Dinosaur Slime Sparks Debate Over Soft-Tissue Finds

July 30, 2008

Soft tissue recently found in 68-million-year-old Tyrannosaurs rex bones is actually modern-era bacterial slime, scientists say, challenging what some call one of the most remarkable paleontology findings of the 21st century.

In 2005 soft, pliable tissues were found inside Tyrannosaurs rex bones—the first evidence that dinosaur tissue had survived throughout time.

A new team now says such "soft tissue" is actually slime that coated the inside of the bones and filled in spaces once occupied by blood vessels and cells.

"[It's] the same stuff you feel in a bucket of rainwater that you leave sitting in your backyard for a week," said study lead author Thomas Kaye, a paleontologist at the University of Washington in Seattle.

But authors of the 2005 study, published in the journal Science, stand by their claims.

The new research appears today in the journal PloS ONE.

Slimy Evidence

Kaye and his team examined bones of more than 15 specimens that ranged from dinosaurs to ancient sea monsters to mastodons, and found that they all shared tissue-like structures.

But upon closer inspection with an electron microscope, the researchers say the structures became something less enticing: bacterial slime.

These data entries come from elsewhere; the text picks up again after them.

definition graded :: "'a set \<Rightarrow> ('a \<Rightarrow> 'a \<Rightarrow> bool) \<Rightarrow> ('a \<Rightarrow> nat) \<Rightarrow> bool" where
  "graded A le rho \<longleftrightarrow> poset_on A le \<and>
     (\<forall>x\<in>A. (\<forall>y\<in>A. le y x \<longrightarrow> y = x) \<longrightarrow> rho x = 0) \<and>
     (\<forall>x y. covers A le x y \<longrightarrow> rho y = rho x + 1)"

definition le_rel :: "'a set \<Rightarrow> ('a \<Rightarrow> 'a \<Rightarrow> bool) \<Rightarrow> 'a rel" where
  "le_rel P le = {(a, b). a \<in> P \<and> b \<in> P \<and> le a b}"

text \<open>Quotient order: X \<le> Y iff there are x in X, y in Y and z_1..z_k with
x \<le> z_1 \<sim> z_2 \<le> ... \<sim> z_k \<le> y, i.e. (x,y) \<in> (\<le> O \<sim>)^* O \<le>.\<close>
definition quot_le :: "'a set \<Rightarrow> ('a \<Rightarrow> 'a \<Rightarrow> bool) \<Rightarrow> 'a rel \<Rightarrow> 'a set \<Rightarrow> 'a set \<Rightarrow> bool" where
  "quot_le P le E X Y \<longleftrightarrow>
     (\<exists>x\<in>X. \<exists>y\<in>Y. (x, y) \<in> (le_rel P le O E)\<^sup>* O le_rel P le)"

end

theory Submission
  imports Defs
begin

text \<open>In a finite graded poset the rank is strictly monotone, so along any zigzag chain
  x \<le> z1 \<sim> z2 \<le> ... \<le> y the rank never decreases, and it stays constant only if all the
  \<open>\<le>\<close>-steps are equalities, i.e. only if x \<sim> y. Hence distinct related classes have
  strictly increasing ranks, which gives antisymmetry. If Y covers X in the quotient, every
  class met by a zigzag chain from X to Y lies between X and Y and so is X or Y; the chain
  therefore contains a single step u \<le> v with u \<in> X and v \<in> Y, and any element strictly
  between u and v would produce a class strictly between X and Y.\<close>

lemma interval_psubset_upper:
  assumes "poset_on P le" "x \<in> P" "y \<in> P" "z \<in> P" "le x y" "le z y" "z \<noteq> y"
  shows "{w\<in>P. le x w \<and> le w z} \<subset> {w\<in>P. le x w \<and> le w y}"
  using assms unfolding poset_on_def by blast

lemma interval_psubset_lower:
  assumes "poset_on P le" "x \<in> P" "y \<in> P" "z \<in> P" "le x y" "le x z" "z \<noteq> x"
  shows "{w\<in>P. le z w \<and> le w y} \<subset> {w\<in>P. le x w \<and> le w y}"
  using assms unfolding poset_on_def by blast

lemma graded_rank_less:
  assumes "finite P" "graded P le rho" "x \<in> P" "y \<in> P" "le x y" "x \<noteq> y"
  shows "rho x < rho y"
  using assms(3-)
proof (induction "card {w\<in>P. le x w \<and> le w y}" arbitrary: x y rule: less_induct)
  case less
  have po: "poset_on P le" using \<open>graded P le rho\<close> unfolding graded_def by blast
  show ?case
  proof (cases "covers P le x y")
    case True
    then show ?thesis using \<open>graded P le rho\<close> unfolding graded_def by force
  next
    case False
    then obtain z where z: "z \<in> P" "le x z" "le z y" "z \<noteq> x" "z \<noteq> y"
      using less.prems unfolding covers_def by blast
    have fin: "finite {w\<in>P. le x w \<and> le w y}" using \<open>finite P\<close> by simp
    have "{w\<in>P. le x w \<and> le w z} \<subset> {w\<in>P. le x w \<and> le w y}"
      using interval_psubset_upper[OF po] less.prems z by blast
    then have "rho x < rho z"
      using less.hyps[OF psubset_card_mono[OF fin]] less.prems z by blast
    moreover have "{w\<in>P. le z w \<and> le w y} \<subset> {w\<in>P. le x w \<and> le w y}"
      using interval_psubset_lower[OF po] less.prems z by blast
    then have "rho z < rho y"
      using less.hyps[OF psubset_card_mono[OF fin]] less.prems z by blast
    ultimately show ?thesis by simp
  qed
qed

lemma graded_rank_mono:
  assumes "finite P" "graded P le rho" "x \<in> P" "y \<in> P" "le x y"
  shows "rho x \<le> rho y"
  using graded_rank_less[OF assms] by fastforce

abbreviation zigzag :: "'a set \<Rightarrow> ('a \<Rightarrow> 'a \<Rightarrow> bool) \<Rightarrow> 'a rel \<Rightarrow> 'a rel" where
  "zigzag P le E \<equiv> (le_rel P le O E)\<^sup>* O le_rel P le"

lemma zigzag_trans:
  assumes "(x, y) \<in> zigzag P le E" "(y, y') \<in> E" "(y', z) \<in> zigzag P le E"
  shows "(x, z) \<in> zigzag P le E"
proof -
  obtain a where "(x, a) \<in> (le_rel P le O E)\<^sup>*" "(a, y) \<in> le_rel P le" using assms(1) by blast
  then have "(x, y') \<in> (le_rel P le O E)\<^sup>*" using assms(2) by (blast intro: rtrancl_into_rtrancl)
  then show ?thesis using assms(3) by (blast intro: rtrancl_trans)
qed

locale rank_compatible_quotient =
  fixes P :: "'a set" and le :: "'a \<Rightarrow> 'a \<Rightarrow> bool" and rho :: "'a \<Rightarrow> nat" and E :: "'a rel"
  assumes finite: "finite P"
    and graded: "graded P le rho"
    and equiv: "equiv P E"
    and rank_resp: "(x, y) \<in> E \<Longrightarrow> rho x = rho y"
begin

lemma poset: "poset_on P le"
  using graded unfolding graded_def by blast

lemma rank_covers: "covers P le x y \<Longrightarrow> rho y = rho x + 1"
  using graded unfolding graded_def by blast

lemma rank_less: "x \<in> P \<Longrightarrow> y \<in> P \<Longrightarrow> le x y \<Longrightarrow> x \<noteq> y \<Longrightarrow> rho x < rho y"
  using graded_rank_less[OF finite graded] .

lemma rank_eq_imp_eq: "x \<in> P \<Longrightarrow> y \<in> P \<Longrightarrow> le x y \<Longrightarrow> rho x = rho y \<Longrightarrow> x = y"
  using rank_less by fastforce

lemma rank_mono: "x \<in> P \<Longrightarrow> y \<in> P \<Longrightarrow> le x y \<Longrightarrow> rho x \<le> rho y"
  using graded_rank_mono[OF finite graded] .

lemma class_member_in_carrier: "X \<in> P // E \<Longrightarrow> x \<in> X \<Longrightarrow> x \<in> P"
  using in_quotient_imp_subset[OF equiv] by blast

lemma class_rank_eq: "X \<in> P // E \<Longrightarrow> x \<in> X \<Longrightarrow> y \<in> X \<Longrightarrow> rho x = rho y"
  using in_quotient_imp_in_rel[OF equiv] rank_resp by blast

lemma class_eq_iff:
  "X \<in> P // E \<Longrightarrow> Y \<in> P // E \<Longrightarrow> x \<in> X \<Longrightarrow> y \<in> Y \<Longrightarrow> X = Y \<longleftrightarrow> (x, y) \<in> E"
  using quotient_eq_iff[OF equiv] by blast

lemma class_of_in_quotient: "x \<in> P \<Longrightarrow> E `` {x} \<in> P // E"
  by (rule quotientI)

lemma class_of_self: "x \<in> P \<Longrightarrow> x \<in> E `` {x}"
  using equiv by (rule equiv_class_self)

lemma quot_le_of_le:
  "x \<in> X \<Longrightarrow> y \<in> Y \<Longrightarrow> x \<in> P \<Longrightarrow> y \<in> P \<Longrightarrow> le x y \<Longrightarrow> quot_le P le E X Y"
  unfolding quot_le_def le_rel_def by blast

lemma zigzag_prefix_rank:
  assumes "(a, b) \<in> (le_rel P le O E)\<^sup>*"
  shows "rho a \<le> rho b \<and> (rho a = rho b \<longrightarrow> a = b \<or> (a, b) \<in> E)"
  using assms
proof (induction rule: rtrancl_induct)
  case base
  then show ?case by simp
next
  case (step b c)
  then obtain d where bd: "b \<in> P" "d \<in> P" "le b d" and dc: "(d, c) \<in> E"
    unfolding le_rel_def by blast
  have "rho b \<le> rho c" using rank_mono[OF bd] rank_resp[OF dc] by simp
  moreover have "a = c \<or> (a, c) \<in> E" if "rho a = rho c"
  proof -
    have "rho a = rho b" "rho b = rho d"
      using that step.IH \<open>rho b \<le> rho c\<close> rank_resp[OF dc] by auto
    then have "(b, c) \<in> E" using rank_eq_imp_eq[OF bd] dc by simp
    then show ?thesis
      using step.IH \<open>rho a = rho b\<close> equiv unfolding equiv_def trans_def by blast
  qed
  ultimately show ?case using step.IH by auto
qed

lemma zigzag_rank:
  assumes "(a, b) \<in> zigzag P le E"
  shows "rho a \<le> rho b \<and> (rho a = rho b \<longrightarrow> (a, b) \<in> E)"
proof -
  obtain c where ac: "(a, c) \<in> (le_rel P le O E)\<^sup>*" and cb: "c \<in> P" "b \<in> P" "le c b"
    using assms unfolding le_rel_def by blast
  have "rho c \<le> rho b" using rank_mono[OF cb] .
  moreover have "(a, b) \<in> E" if "rho a = rho b"
  proof -
    have "rho a = rho c" "rho c = rho b"
      using that zigzag_prefix_rank[OF ac] \<open>rho c \<le> rho b\<close> by auto
    then have "c = b" using rank_eq_imp_eq[OF cb] by simp
    moreover have "(c, c) \<in> E" using equiv \<open>c \<in> P\<close> unfolding equiv_def refl_on_def by blast
    ultimately show ?thesis using zigzag_prefix_rank[OF ac] \<open>rho a = rho c\<close> by blast
  qed
  ultimately show ?thesis using zigzag_prefix_rank[OF ac] by auto
qed

lemma quot_le_rank_less:
  assumes X: "X \<in> P // E" and Y: "Y \<in> P // E" and "quot_le P le E X Y" "X \<noteq> Y"
    and "x \<in> X" "y \<in> Y"
  shows "rho x < rho y"
proof -
  obtain x' y' where x': "x' \<in> X" and y': "y' \<in> Y" and chain: "(x', y') \<in> zigzag P le E"
    using assms(3) unfolding quot_le_def by blast
  have "(x', y') \<notin> E" using class_eq_iff[OF X Y x' y'] \<open>X \<noteq> Y\<close> by blast
  then have "rho x' < rho y'" using zigzag_rank[OF chain] by auto
  then show ?thesis
    using class_rank_eq[OF X \<open>x \<in> X\<close> x'] class_rank_eq[OF Y \<open>y \<in> Y\<close> y'] by simp
qed

lemma poset_quotient: "poset_on (P // E) (quot_le P le E)"
  unfolding poset_on_def
proof (intro conjI ballI impI)
  fix X assume "X \<in> P // E"
  then obtain x where "x \<in> X" "x \<in> P"
    using in_quotient_imp_non_empty[OF equiv] class_member_in_carrier by blast
  moreover have "le x x" using poset \<open>x \<in> P\<close> unfolding poset_on_def by blast
  ultimately show "quot_le P le E X X" using quot_le_of_le by blast
next
  fix X Y assume X: "X \<in> P // E" and Y: "Y \<in> P // E"
    and le_both: "quot_le P le E X Y \<and> quot_le P le E Y X"
  obtain x y where x: "x \<in> X" and y: "y \<in> Y"
    using in_quotient_imp_non_empty[OF equiv] X Y by blast
  show "X = Y"
  proof (rule ccontr)
    assume "X \<noteq> Y"
    then have "rho x < rho y" "rho y < rho x"
      using quot_le_rank_less[OF X Y _ _ x y] quot_le_rank_less[OF Y X _ _ y x] le_both by auto
    then show False by simp
  qed
next
  fix X Y Z assume Y: "Y \<in> P // E" and "quot_le P le E X Y \<and> quot_le P le E Y Z"
  then have "quot_le P le E X Y" "quot_le P le E Y Z" by simp_all
  then obtain x y y' z where "x \<in> X" "z \<in> Z" and y: "y \<in> Y" "y' \<in> Y"
    and xy: "(x, y) \<in> zigzag P le E" and yz: "(y', z) \<in> zigzag P le E"
    unfolding quot_le_def by (elim bexE) (rule that)
  moreover have "(y, y') \<in> E" using in_quotient_imp_in_rel[OF equiv Y] y by blast
  ultimately have "(x, z) \<in> zigzag P le E" using zigzag_trans[OF xy _ yz] by blast
  then show "quot_le P le E X Z" unfolding quot_le_def using \<open>x \<in> X\<close> \<open>z \<in> Z\<close> by blast
qed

According to Kaye, bacteria seep into the bones with water and excrete slime that coats surfaces and fills in spaces, such as those left by blood vessels.

"Eventually this biofilm mineralizes," he said, likening the slime to plaque hardened to teeth.

When Kaye and colleagues examined the various bones with an electron microscope, they noticed microscopic spheres similar to those seen by Mary Higby Schweitzer, the North Carolina State University scientist who led the 2005 study.